Using custom colour gradients
In the next example, I plot Drug 1 to explore the effect of different concentrations of a single drug on the motion of the worms.
This time I filter for the Control and Drug 1 rows and then plot the movements against concentration, also assiging concentration to the fill aesthetic.
scale_fill_manual()
this time uses my_gradients[[1]]
which corresponds with the first colour gradient in the list I made earlier. Remember lists use [[]]
indexing.
Note: I used the first colour in my_colours
for the Control condition and also used the same colour for the lowest value in each gradient. This means that the Control condition will always be the same grey colour. This is why I didn’t make a gradient for my_colours[1]
, I don’t need it and it’s easier to remember that my_gradients[[1]]

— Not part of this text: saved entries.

(* Let $C\subseteq\{0,1\}^m$ be a code and let $t:[m]\to\mathbb{Z}$ be any function. For $s\in\mathbb{Z}$ let $I_s=t^{-1}(s)\subseteq[m]$. For a nonzero $c\in C$ let $\mathrm{type}(c)=\max\{t(i): c_i=1\}$, and for $s\in\mathbb{Z}$ let $C_s=\{c\in C\setminus\{0\} : \mathrm{type}(c)=s\}$. Then \[ \sum_{s\in\mathbb{Z}} \mathrm{CL}\big((C_s\cup C_{s+1})|_{I_s}\big)\le 2\,\mathrm{CL}(C). \]
   Context: For $S\subseteq[m]$ and $D\subseteq\{0,1\}^m$, $D|_S=\{c|_S : c\in D\}\subseteq\{0,1\}^S$. A chain of length $\ell$ in a code $D\subseteq\{0,1\}^A$ is a pair of injective maps $a:[\ell]\to A$ and $c:[\ell]\to D$ such that $c(i)_{a(i)}=1$ for all $i$, and $c(i)_{a(j)}=0$ for all $1\le i<j\le\ell$; the chain length $\mathrm{CL}(D)$ is the maximum length of a chain in $D$ ($0$ if none exists, in particular for $D$ empty). *)

theory Defs
  imports Main "HOL-Library.FuncSet" "HOL-Library.Groups_Big_Fun"
begin

text \<open>Binary words on a coordinate set A are the extensional functions in
  the extensional function space from A to {0,1}; a code on A is a subset of this set.
  The index set [m] is {1..m}.\<close>

definition restr_code :: "nat set \<Rightarrow> (nat \<Rightarrow> nat) set \<Rightarrow> (nat \<Rightarrow> nat) set" where
  "restr_code S D = (\<lambda>c. restrict c S) ` D"

definition is_chain ::
  "nat set \<Rightarrow> (nat \<Rightarrow> nat) set \<Rightarrow> nat \<Rightarrow> (nat \<Rightarrow> nat) \<Rightarrow> (nat \<Rightarrow> (nat \<Rightarrow> nat)) \<Rightarrow> bool" where
  "is_chain A D l a c \<longleftrightarrow>
     inj_on a {1..l} \<and> a ` {1..l} \<subseteq> A \<and>
     inj_on c {1..l} \<and> c ` {1..l} \<subseteq> D \<and>
     (\<forall>i\<in>{1..l}. c i (a i) = 1) \<and>
     (\<forall>i j. 1 \<le> i \<and> i < j \<and> j \<le> l \<longrightarrow> c i (a j) = 0)"

definition CL :: "nat set \<Rightarrow> (nat \<Rightarrow> nat) set \<Rightarrow> nat" where
  "CL A D = Sup {l. \<exists>a c. is_chain A D l a c}"

definition zero_word :: "nat \<Rightarrow> (nat \<Rightarrow> nat)" where
  "zero_word m = restrict (\<lambda>_. 0) {1..m}"

definition ctype :: "nat \<Rightarrow> (nat \<Rightarrow> int) \<Rightarrow> (nat \<Rightarrow> nat) \<Rightarrow> int" where
  "ctype m t c = Max {t i | i. i \<in> {1..m} \<and> c i = 1}"

definition code_layer :: "nat \<Rightarrow> (nat \<Rightarrow> int) \<Rightarrow> (nat \<Rightarrow> nat) set \<Rightarrow> int \<Rightarrow> (nat \<Rightarrow> nat) set" where
  "code_layer m t C s = {c \<in> C. c \<noteq> zero_word m \<and> ctype m t c = s}"

definition level_set :: "nat \<Rightarrow> (nat \<Rightarrow> int) \<Rightarrow> int \<Rightarrow> nat set" where
  "level_set m t s = {i \<in> {1..m}. t i = s}"

end

theory Submission
  imports Defs
begin

(* Group the types by parity. If s < s' have the same parity then s + 2 <= s', so every word
   of C_s and of C_{s+1} has type below s' and vanishes on I_{s'}. Chains of the restricted codes
   lift to chains of C_s and C_{s+1} on the same coordinates, and concatenating them in increasing
   order of type gives a chain of C. Hence each parity class contributes at most CL(C). *)

lemma is_chain_length_le_card:
  assumes "is_chain A D l a c" "finite A"
  shows "l \<le> card A"
proof -
  have "card {1..l} \<le> card A"
    using assms by (intro card_inj_on_le[of a]) (auto simp: is_chain_def)
  thus ?thesis by simp
qed

lemma finite_chain_lengths: "finite A \<Longrightarrow> finite {l. \<exists>a c. is_chain A D l a c}"
  by (rule finite_subset[of _ "{..card A}"]) (auto dest: is_chain_length_le_card)

lemma chain_length_le_CL:
  assumes "is_chain A D l a c" "finite A"
  shows "l \<le> CL A D"
  unfolding CL_def using finite_chain_lengths[OF assms(2)] assms(1)
  by (auto intro: le_cSup_finite)

lemma CL_attained:
  assumes "finite A"
  obtains a c where "is_chain A D (CL A D) a c"
proof -
  let ?L = "{l. \<exists>a c. is_chain A D l a c}"
  have "is_chain A D 0 a c" for a c by (simp add: is_chain_def)
  hence "?L \<noteq> {}" by blast
  with finite_chain_lengths[OF assms] have "Sup ?L \<in> ?L"
    using Max_in cSup_eq_Max by metis
  with that show ?thesis unfolding CL_def by blast
qed

lemma image_append_fun:
  fixes l1 l2 :: nat
  shows "(\<lambda>i. if i \<le> l1 then f i else g (i - l1)) ` {1..l1 + l2} = f ` {1..l1} \<union> g ` {1..l2}"
proof (intro equalityI subsetI)
  fix y assume "y \<in> (\<lambda>i. if i \<le> l1 then f i else g (i - l1)) ` {1..l1 + l2}"
  then obtain i where i: "i \<in> {1..l1 + l2}" "y = (if i \<le> l1 then f i else g (i - l1))" by blast
  show "y \<in> f ` {1..l1} \<union> g ` {1..l2}"
  proof (cases "i \<le> l1")
    case True
    with i show ?thesis by auto
  next
    case False
    with i have "i - l1 \<in> {1..l2}" "y = g (i - l1)" by auto
    thus ?thesis by blast
  qed
next
  fix y assume "y \<in> f ` {1..l1} \<union> g ` {1..l2}"
  then consider i where "i \<in> {1..l1}" "y = f i" | j where "j \<in> {1..l2}" "y = g j" by blast
  thus "y \<in> (\<lambda>i. if i \<le> l1 then f i else g (i - l1)) ` {1..l1 + l2}"
    by cases (force intro: image_eqI[where x = "_ + l1"])+
qed

lemma inj_on_append_fun:
  fixes l1 l2 :: nat
  assumes "inj_on f {1..l1}" "inj_on g {1..l2}" "f ` {1..l1} \<inter> g ` {1..l2} = {}"
  shows "inj_on (\<lambda>i. if i \<le> l1 then f i else g (i - l1)) {1..l1 + l2}"
proof (rule eq_card_imp_inj_on)
  show "card ((\<lambda>i. if i \<le> l1 then f i else g (i - l1)) ` {1..l1 + l2}) = card {1..l1 + l2}"
    unfolding image_append_fun using assms by (simp add: card_Un_disjoint card_image)
qed simp

(* No disjointness hypotheses are needed: words of D1 vanish on A2, while c2 j is 1 at a2 j. *)
lemma is_chain_append:
  assumes ch1: "is_chain A1 D1 l1 a1 c1" and ch2: "is_chain A2 D2 l2 a2 c2"
    and vanish: "\<forall>w\<in>D1. \<forall>x\<in>A2. w x = 0"
  shows "is_chain (A1 \<union> A2) (D1 \<union> D2) (l1 + l2)
           (\<lambda>i. if i \<le> l1 then a1 i else a2 (i - l1)) (\<lambda>i. if i \<le> l1 then c1 i else c2 (i - l1))"
    (is "is_chain _ _ _ ?a ?c")
proof -
  have cross: "c1 i (a2 j) = 0" if "i \<in> {1..l1}" "j \<in> {1..l2}" for i j
    using vanish ch1 ch2 that by (auto simp: is_chain_def image_subset_iff)
  have ones1: "c1 i (a1 i) = 1" if "i \<in> {1..l1}" for i
    using ch1 that by (simp add: is_chain_def)
  have ones2: "c2 j (a2 j) = 1" if "j \<in> {1..l2}" for j
    using ch2 that by (simp add: is_chain_def)
  have "a1 i \<noteq> a2 j" "c1 i \<noteq> c2 j" if "i \<in> {1..l1}" "j \<in> {1..l2}" for i j
    using cross[OF that] ones1[OF that(1)] ones2[OF that(2)] by auto
  hence disjoint: "a1 ` {1..l1} \<inter> a2 ` {1..l2} = {}" "c1 ` {1..l1} \<inter> c2 ` {1..l2} = {}"
    by blast+
  show ?thesis
    unfolding is_chain_def
  proof (intro conjI ballI allI impI)
    show "inj_on ?a {1..l1 + l2}" "inj_on ?c {1..l1 + l2}"
      using ch1 ch2 disjoint unfolding is_chain_def by (intro inj_on_append_fun; blast)+
    have "a1 ` {1..l1} \<subseteq> A1" "a2 ` {1..l2} \<subseteq> A2" "c1 ` {1..l1} \<subseteq> D1" "c2 ` {1..l2} \<subseteq> D2"
      using ch1 ch2 by (simp_all add: is_chain_def)
    thus "?a ` {1..l1 + l2} \<subseteq> A1 \<union> A2" "?c ` {1..l1 + l2} \<subseteq> D1 \<union> D2"
      unfolding image_append_fun by blast+
  next
    fix i assume i: "i \<in> {1..l1 + l2}"
    show "?c i (?a i) = 1"
    proof (cases "i \<le> l1")
      case True
      with i ones1[of i] show ?thesis by simp
    next
      case False
      with i have "i - l1 \<in> {1..l2}" by auto
      with False ones2 show ?thesis by simp
    qed
  next
    fix i j assume ij: "1 \<le> i \<and> i < j \<and> j \<le> l1 + l2"
    show "?c i (?a j) = 0"
    proof (cases "j \<le> l1")
      case True
      with ij ch1 show ?thesis by (simp add: is_chain_def)
    next
      case j: False
      show ?thesis
      proof (cases "i \<le> l1")
        case True
        with j ij have "c1 i (a2 (j - l1)) = 0" by (intro cross) auto
        with True j show ?thesis by simp
      next
        case False
        with j ij have "1 \<le> i - l1" "i - l1 < j - l1" "j - l1 \<le> l2" by auto
        with ch2 have "c2 (i - l1) (a2 (j - l1)) = 0" unfolding is_chain_def by blast
        with j False show ?thesis by simp
      qed
    qed
  qed
qed

lemma CL_le_card: "finite A \<Longrightarrow> CL A D \<le> card A"
  by (metis CL_attained is_chain_length_le_card)

lemma CL_mono:
  assumes "A \<subseteq> B" "D \<subseteq> E" "finite B"
  shows "CL A D \<le> CL B E"
proof -
  from assms obtain a c where "is_chain A D (CL A D) a c"
    using CL_attained finite_subset by metis
  with assms have "is_chain B E (CL A D) a c"
    unfolding is_chain_def by blast
  from this assms(3) show ?thesis by (rule chain_length_le_CL)
qed

lemma CL_Un_ge:
  assumes "finite A1" "finite A2" "\<forall>w\<in>D1. \<forall>x\<in>A2. w x = 0"
  shows "CL A1 D1 + CL A2 D2 \<le> CL (A1 \<union> A2) (D1 \<union> D2)"
proof -
  obtain a1 c1 a2 c2 where "is_chain A1 D1 (CL A1 D1) a1 c1" "is_chain A2 D2 (CL A2 D2) a2 c2"
    using CL_attained assms(1,2) by metis
  from is_chain_append[OF this assms(3)] show ?thesis
    by (rule chain_length_le_CL) (simp add: assms)
qed

lemma CL_restr_code_le:
  assumes "finite I"
  shows "CL I (restr_code I E) \<le> CL I E"
proof -
  define l where "l = CL I (restr_code I E)"
  obtain a c where ch: "is_chain I (restr_code I E) l a c"
    unfolding l_def using CL_attained[OF assms] .
  have "\<forall>i\<in>{1..l}. \<exists>e\<in>E. c i = restrict e I"
    using ch unfolding is_chain_def restr_code_def by blast
  then obtain e where e: "\<And>i. i \<in> {1..l} \<Longrightarrow> e i \<in> E \<and> c i = restrict (e i) I"
    by metis
  have "is_chain I E l a e"
  proof -
    have "e i (a j) = c i (a j)" if "i \<in> {1..l}" "j \<in> {1..l}" for i j
      using e[OF that(1)] ch that(2) unfolding is_chain_def by (auto simp: image_subset_iff)
    moreover have "inj_on e {1..l}"
      using ch e unfolding is_chain_def inj_on_def by metis
    ultimately show ?thesis
      using ch e unfolding is_chain_def by auto
  qed
  from this assms show ?thesis unfolding l_def by (rule chain_length_le_CL)
qed

lemma sum_CL_le_CL_UN:
  fixes T :: "'i::linorder set"
  assumes "finite T" "\<And>s. s \<in> T \<Longrightarrow> finite (A s)"
    and "\<And>s s'. s \<in> T \<Longrightarrow> s' \<in> T \<Longrightarrow> s < s' \<Longrightarrow> \<forall>w\<in>D s. \<forall>x\<in>A s'. w x = 0"
  shows "(\<Sum>s\<in>T. CL (A s) (D s)) \<le> CL (\<Union>s\<in>T. A s) (\<Union>s\<in>T. D s)"
  using assms
proof (induction T rule: finite_linorder_max_induct)
  case empty
  show ?case by simp
next
  case (insert b T)
  have "(\<Sum>s\<in>insert b T. CL (A s) (D s)) = (\<Sum>s\<in>T. CL (A s) (D s)) + CL (A b) (D b)"
    using insert.hyps by (subst sum.insert) auto
  also have "\<dots> \<le> CL (\<Union>s\<in>T. A s) (\<Union>s\<in>T. D s) + CL (A b) (D b)"
    by (intro add_right_mono insert.IH; meson insert.prems insertCI)
  also have "\<dots> \<le> CL ((\<Union>s\<in>T. A s) \<union> A b) ((\<Union>s\<in>T. D s) \<union> D b)"
  proof (rule CL_Un_ge)
    show "\<forall>w\<in>(\<Union>s\<in>T. D s). \<forall>x\<in>A b. w x = 0"
    proof (intro ballI)
      fix w x assume "w \<in> (\<Union>s\<in>T. D s)" "x \<in> A b"
      then obtain s where "s \<in> T" "w \<in> D s" by blast
      with insert.hyps(2) insert.prems(2)[of s b] \<open>x \<in> A b\<close> show "w x = 0" by auto
    qed
  qed (use insert.prems(1) insert.hyps(1) in simp_all)
  also have "\<dots> = CL (\<Union>s\<in>insert b T. A s) (\<Union>s\<in>insert b T. D s)"
    by (simp add: Un_commute)
  finally show ?case .
qed

abbreviation adjacent_layers :: "nat \<Rightarrow> (nat \<Rightarrow> int) \<Rightarrow> (nat \<Rightarrow> nat) set \<Rightarrow> int \<Rightarrow> (nat \<Rightarrow> nat) set" where
  "adjacent_layers m t C s \<equiv> code_layer m t C s \<union> code_layer m t C (s + 1)"

lemma word_vanishes_above_ctype:
  assumes "c \<in> {1..m} \<rightarrow>\<^sub>E {0, 1}" "x \<in> {1..m}" "ctype m t c < t x"
  shows "c x = 0"
proof (rule ccontr)
  assume "c x \<noteq> 0"
  moreover have "c x \<in> {0, 1}" using assms(1,2) by (rule PiE_mem)
  ultimately have "c x = 1" by simp
  with assms(2) have "t x \<le> ctype m t c" unfolding ctype_def by (intro Max_ge) auto
  with assms(3) show False by simp
qed

lemma adjacent_layers_vanish:
  assumes "C \<subseteq> {1..m} \<rightarrow>\<^sub>E {0, 1}" "w \<in> adjacent_layers m t C s" "x \<in> level_set m t s'"
    and "s + 2 \<le> s'"
  shows "w x = 0"
proof -
  have "w \<in> C" "ctype m t w \<le> s + 1" using assms(2) by (auto simp: code_layer_def)
  with assms(1) have "w \<in> {1..m} \<rightarrow>\<^sub>E {0, 1}" "ctype m t w \<le> s + 1" by blast+
  moreover have "x \<in> {1..m}" "t x = s'" using assms(3) by (auto simp: level_set_def)
  ultimately show ?thesis
    using assms(1,4) by (intro word_vanishes_above_ctype[of w m x t]) auto
qed

lemma sum_spaced_layers_le_CL:
  assumes C: "C \<subseteq> {1..m} \<rightarrow>\<^sub>E {0, 1}" and "finite T"
    and spaced: "\<And>s s'. s \<in> T \<Longrightarrow> s' \<in> T \<Longrightarrow> s < s' \<Longrightarrow> s + 2 \<le> s'"
  shows "(\<Sum>s\<in>T. CL (level_set m t s) (restr_code (level_set m t s) (adjacent_layers m t C s)))
           \<le> CL {1..m} C"
proof -
  have fin: "finite (level_set m t s)" for s by (simp add: level_set_def)
  have "(\<Sum>s\<in>T. CL (level_set m t s) (restr_code (level_set m t s) (adjacent_layers m t C s)))
          \<le> (\<Sum>s\<in>T. CL (level_set m t s) (adjacent_layers m t C s))"
    using fin by (intro sum_mono CL_restr_code_le)
  also have "\<dots> \<le> CL (\<Union>s\<in>T. level_set m t s) (\<Union>s\<in>T. adjacent_layers m t C s)"
    using \<open>finite T\<close> fin adjacent_layers_vanish[OF C] spaced by (intro sum_CL_le_CL_UN) auto
  also have "\<dots> \<le> CL {1..m} C"
    by (intro CL_mono) (auto simp: level_set_def code_layer_def)
  finally show ?thesis .
qed

theorem mainTheorem9:
  fixes m :: nat and C :: "(nat \<Rightarrow> nat) set" and t :: "nat \<Rightarrow> int"
  assumes "C \<subseteq> {1..m} \<rightarrow>\<^sub>E {0, 1}"
  shows "Sum_any (\<lambda>s. CL (level_set m t s)
            (restr_code (level_set m t s) (code_layer m t C s \<union> code_layer m t C (s + 1))))
         \<le> 2 * CL {1..m} C"
proof -
  let ?f = "\<lambda>s. CL (level_set m t s) (restr_code (level_set m t s) (adjacent_layers m t C s))"
  let ?S = "t ` {1..m}"
  have same_parity_spaced: "s + 2 \<le> s'" if "s < s'" "even s \<longleftrightarrow> even s'" for s s' :: int
    using that by presburger
  have "Sum_any ?f = sum ?f ?S"
  proof (rule Sum_any.expand_superset)
    show "{s. ?f s \<noteq> 0} \<subseteq> ?S"
    proof
      fix s assume "s \<in> {s. ?f s \<noteq> 0}"
      hence "level_set m t s \<noteq> {}" using CL_le_card[of "{}"] by force
      thus "s \<in> ?S" by (auto simp: level_set_def)
    qed
  qed simp
  also have "\<dots> = sum ?f {s \<in> ?S. even s} + sum ?f {s \<in> ?S. odd s}"
    by (subst sum.union_disjoint[symmetric]) (auto intro!: sum.cong)
  also have "\<dots> \<le> CL {1..m} C + CL {1..m} C"
    using assms same_parity_spaced by (intro add_mono sum_spaced_layers_le_CL) auto
  finally show ?thesis by simp
qed

end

goes with Drug 1 even though Drug 1 corresponds with my_colours[2]
.
dat %>% filter(drug == "Control" | drug == "Drug 1") %>%
ggplot(aes(concentration,movements, fill = concentration)) +
stat_summary(geom = "bar", fun.y = "mean") +
stat_summary(geom = "errorbar", fun.data = "mean_se", width = .2) +
scale_fill_manual(values = my_gradients[[1]]) + # Drug 1 is gradient 1
ggtitle("Drug 1 treatment comparison") +
theme_minimal()
Combining multiple plots with gradients
There may be a neater way to do this, but my solution was to use the cowplot
package.
First I create a plot as above for each of the drugs of interest, remembering which of my_gradients
to use for each drug, and then combine them using plot_grid
from the cowplot
package.
# Load cowplot for mutli-panel figures
library(cowplot)
# Assign Drug 1 plot to p1
p1 <- dat %>% filter(drug == "Control" | drug == "Drug 1") %>%
ggplot(aes(concentration,movements, fill = concentration)) +
stat_summary(geom = "bar", fun.y = "mean") +
stat_summary(geom = "errorbar", fun.data = "mean_se", width = .2) +
scale_fill_manual(values = my_gradients[[1]]) + # Drug 1 is gradient 1
ggtitle("Drug 1 treatment comparison") +
theme_minimal()
# Assign Drug 3 plot to p3
p3 <- dat %>% filter(drug == "Control" | drug == "Drug 3") %>%
group_by(experiment) %>%
ggplot(aes(concentration,movements, fill = concentration)) +
stat_summary(geom = "bar", fun.y = "mean", position = "dodge") +
stat_summary(geom = "errorbar", fun.data = "mean_se", width = .2) +
scale_fill_manual(values = my_gradients[[3]]) + # Drug 3 is gradient 3
ggtitle("Drug 3 treatment comparison") +
theme_minimal()
# Use plot_grid to plot both drugs together
plot_grid(p1,p3)
This probably isn’t a very useful comparison as the range of concentrations is different for the two drugs, but gives an idea of what is possible.